OK so let’s run this thing and see what we get. Since we’ve configured the threads to run “forever” we’ll need to just wait until it’s issue enough requests to graph for us then manually stop the test execution. On my run of this test, the response graph returned looks like this:

Which is the exact kind of graph you can show your non-technical manager instead of a boring listing of numbers. The above illustrates that (in my case) as the requests began being backlogged the server took longer and longer to respond due to the increased load.

Sometimes you you actually need numbers rather than a pretty graph though. Fret not since you can just add the View Results in Table listener to your test before running. Any samples collected will be itemized individually along with specific numbers for average response time and the standard deviation. If your standard deviation is too high, I would revisit your test as that usually indicates that you haven’t created enough of a controlled experiment for your results to be trustworthy.

Most complicated tests won’t produce results that look that clean. Given that, I have two suggestions for producing graphs that won’t confuse non-technical people:

1) Collect many many samples and adjust the interval on your graph so that each data point merges and the actual mean/median is what the graph represents. That won’t eliminate sudden aberrations though where a single request that takes half an hour drowns out the hundreds or thousands that only took 500ms. To rectify that…

2) Before you start any long test you should configure your listener to save the results to a CSV file you can then edit to remove whatever random aberrations contained within your samples that are throwing the graph off. As long as you keep the samples your manually removing at or below 0.5% the total samples (assuming 10,000+ samples) your results should be considered “cleaned” rather than “doctored.”

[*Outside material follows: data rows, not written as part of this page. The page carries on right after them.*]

(* For every homogeneous polynomial $f(\mathbf{x}) \in \mathbb{C}[x_1,\ldots,x_n]$, we have $\mathrm{commRO}(f) \leq \mathrm{DPD}(f)$.
   Context: For $f \in \mathbb{C}[x_1,\ldots,x_n]$, the dimension of partial derivatives is $\mathrm{DPD}(f) := \dim_{\mathbb{C}} \mathrm{span}_{\mathbb{C}}\{\partial_{\mathbf{e}} f : \mathbf{e} \in \mathbb{N}^n\}$, where $\partial_{\mathbf{e}} f$ is the partial derivative of $f$ with respect to the monomial $x_1^{e_1}\cdots x_n^{e_n}$ (so $\mathbf{e}=\mathbf{0}$ gives $f$ itself). A read-once oblivious ABP (ROABP) of width $w$ computing an $n$-variate polynomial $f$ of individual degree at most $d$ consists of a permutation $\sigma$ of $[n]$, matrices $A_{j,k} \in \mathbb{C}^{w\times w}$ for $j\in[n]$, $0\le k\le d$, and vectors $\mathbf{u},\mathbf{v}\in\mathbb{C}^w$ such that $f(\mathbf{x}) = \mathbf{u}^{T} M_{\sigma(1)}(x_{\sigma(1)}) \cdots M_{\sigma(n)}(x_{\sigma(n)}) \mathbf{v}$, where $M_j(x_j) = \sum_{k=0}^{d} A_{j,k} x_j^k$. The $A_{j,k}$ are its coefficient matrices. A commutative ROABP is an ROABP whose coefficient matrices all pairwise commute. $\mathrm{commRO}(f)$ denotes the smallest $w$ such that some width-$w$ commutative ROABP computes $f$. *)

theory Defs
  imports Complex_Main "HOL-Library.Function_Algebras" "Jordan_Normal_Form.Matrix"
begin

text \<open>A polynomial in the variables x_0, ..., x_(n-1) over the complex numbers is represented
  by its coefficient function: it maps an exponent vector e (a function nat to nat, giving the
  exponent of variable i as e i) to the coefficient of the monomial with exponents e.\<close>

type_synonym cpoly = "(nat \<Rightarrow> nat) \<Rightarrow> complex"

definition is_poly :: "nat \<Rightarrow> cpoly \<Rightarrow> bool" where
  "is_poly n f \<longleftrightarrow> finite {e. f e \<noteq> 0} \<and> (\<forall>e. f e \<noteq> 0 \<longrightarrow> (\<forall>i\<ge>n. e i = 0))"

definition homogeneous :: "nat \<Rightarrow> cpoly \<Rightarrow> bool" where
  "homogeneous n f \<longleftrightarrow> (\<exists>D. \<forall>e. f e \<noteq> 0 \<longrightarrow> (\<Sum>i<n. e i) = D)"

definition poly_eval :: "nat \<Rightarrow> cpoly \<Rightarrow> (nat \<Rightarrow> complex) \<Rightarrow> complex" where
  "poly_eval n f x = (\<Sum>e\<in>{e. f e \<noteq> 0}. f e * (\<Prod>i<n. x i ^ e i))"

definition pderiv_mono :: "nat \<Rightarrow> (nat \<Rightarrow> nat) \<Rightarrow> cpoly \<Rightarrow> cpoly" where
  "pderiv_mono n e f = (\<lambda>m. (\<Prod>i<n. of_nat (fact (m i + e i)) / of_nat (fact (m i)))
                            * f (\<lambda>i. m i + e i))"

definition poly_scale :: "complex \<Rightarrow> cpoly \<Rightarrow> cpoly" where
  "poly_scale c f = (\<lambda>m. c * f m)"

definition DPD :: "nat \<Rightarrow> cpoly \<Rightarrow> nat" where
  "DPD n f = vector_space.dim poly_scale
     {pderiv_mono n e f | e. \<forall>i\<ge>n. e i = 0}"

text \<open>A width-w ROABP with variable order sigma (a permutation of {0..<n}), coefficient
  matrices A j k (j < n, k \<le> d), and vectors u, v.\<close>
definition roabp_matrix :: "nat \<Rightarrow> nat \<Rightarrow> (nat \<Rightarrow> nat \<Rightarrow> complex mat) \<Rightarrow> nat \<Rightarrow> complex \<Rightarrow> complex mat" where
  "roabp_matrix w d A j t = mat w w (\<lambda>(r, c). \<Sum>k\<le>d. (A j k $$ (r, c)) * t ^ k)"

definition roabp_eval :: "nat \<Rightarrow> nat \<Rightarrow> nat \<Rightarrow> (nat \<Rightarrow> nat) \<Rightarrow> (nat \<Rightarrow> nat \<Rightarrow> complex mat)
     \<Rightarrow> complex vec \<Rightarrow> complex vec \<Rightarrow> (nat \<Rightarrow> complex) \<Rightarrow> complex" where
  "roabp_eval n w d \<sigma> A u v x =
     u \<bullet> (foldr (*) (map (\<lambda>i. roabp_matrix w d A (\<sigma> i) (x (\<sigma> i))) [0..<n]) (1\<^sub>m w) *\<^sub>v v)"

definition comm_roabp_computes :: "nat \<Rightarrow> nat \<Rightarrow> cpoly \<Rightarrow> bool" where
  "comm_roabp_computes n w f \<longleftrightarrow>
     (\<exists>d \<sigma> A u v.
        bij_betw \<sigma> {..<n} {..<n} \<and>
        (\<forall>j k. j < n \<and> k \<le> d \<longrightarrow> A j k \<in> carrier_mat w w) \<and>
        u \<in> carrier_vec w \<and> v \<in> carrier_vec w \<and>
        (\<forall>j1 k1 j2 k2. j1 < n \<and> k1 \<le> d \<and> j2 < n \<and> k2 \<le> d \<longrightarrow>
            A j1 k1 * A j2 k2 = A j2 k2 * A j1 k1) \<and>
        (\<forall>x. roabp_eval n w d \<sigma> A u v x = poly_eval n f x))"

definition commRO :: "nat \<Rightarrow> cpoly \<Rightarrow> nat" where
  "commRO n f = (LEAST w. comm_roabp_computes n w f)"

end

theory Submission
  imports Defs
begin

(* By Taylor's formula f(x) = [S_1(x_1) ... S_n(x_n) f](0), where S_j(t) = sum_k t^k D_j^(k)
   shifts x_j by t and D_j^(k) = (1/k!) d^k/dx_j^k is a Hasse derivative. The D_j^(k) pairwise
   commute and map the span V of the partial derivatives of f into itself, so in a basis of V
   they are commuting dim V x dim V matrices. With v the coordinate vector of f and u the row of
   the functional g -> g(0) this is a commutative ROABP of width DPD(f). *)

lemma foldr_closed:
  "(\<And>i. i \<in> set is \<Longrightarrow> L i ` S \<subseteq> S) \<Longrightarrow> v \<in> S \<Longrightarrow> foldr L is v \<in> S"
  by (induction "is") auto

If you go much beyond that you should try to identify why you’re getting the sudden aberrations so regularly and either remediate (in the application) whatever larger issue your load testing has uncovered (recollecting entirely new samples) or try to find a way to identify which samples in the CSV represent the aberration and which don’t removing the ones unrelated to larger issues. The latter choice will leave the aberrant pattern on the graph but you’ll be able to explain their presence to management and ultimately represents what the application is actually doing.

Introducing Variables to Your Test Plan

Occasionally, You’ll want to reuse the same test plan for multiple websites. For instance, maybe your full time job is just as a system administrator and you just run a load test against new WordPress websites before they’re made production to ensure a single node can deliver the performance you’re going to need or if you need to deploy the WordPress instance as part of a high availability solution where the load is spread around.

In that example, you could easily see 20-25 new websites spring up over the course of a year and writing a new test plan for each one would be a chore. To add to the trouble, our example is purposefully simple. Real test plans will likely include *many* more HTTP requests than that with hard coded host names and paths.

Luckily, JMeter supports variables for storing often changing or dynamic information. You can either define variables in various places: statically on the root node, statically as part of a “User Defined Variables” configuration element, or dynamically as the result of some post-processor analyzing the results of a previous request.

Simplest is to set the variable on the root node. To do so, just select the root node (the test plan node) and the center of the content pane should be the dialog for adding new user variables:

In that example, I’ve added a new variable called serverName and I’ve modified my HTTP request to utilize this in the “Server Name” field:

Writing your test plans in this way allows you to simply have a “Pre-prod WordPress” test plan that you write once (and occasionally tweak) and then each time you get a new website you need to evaluate, you just change the user variable at the top level and then run your test. No further editing required.

Variables can get more complicated, with post-processors being able to store variables at one point of the Test Plan execution and utilize them at a later step by saving the extracted data to a variable.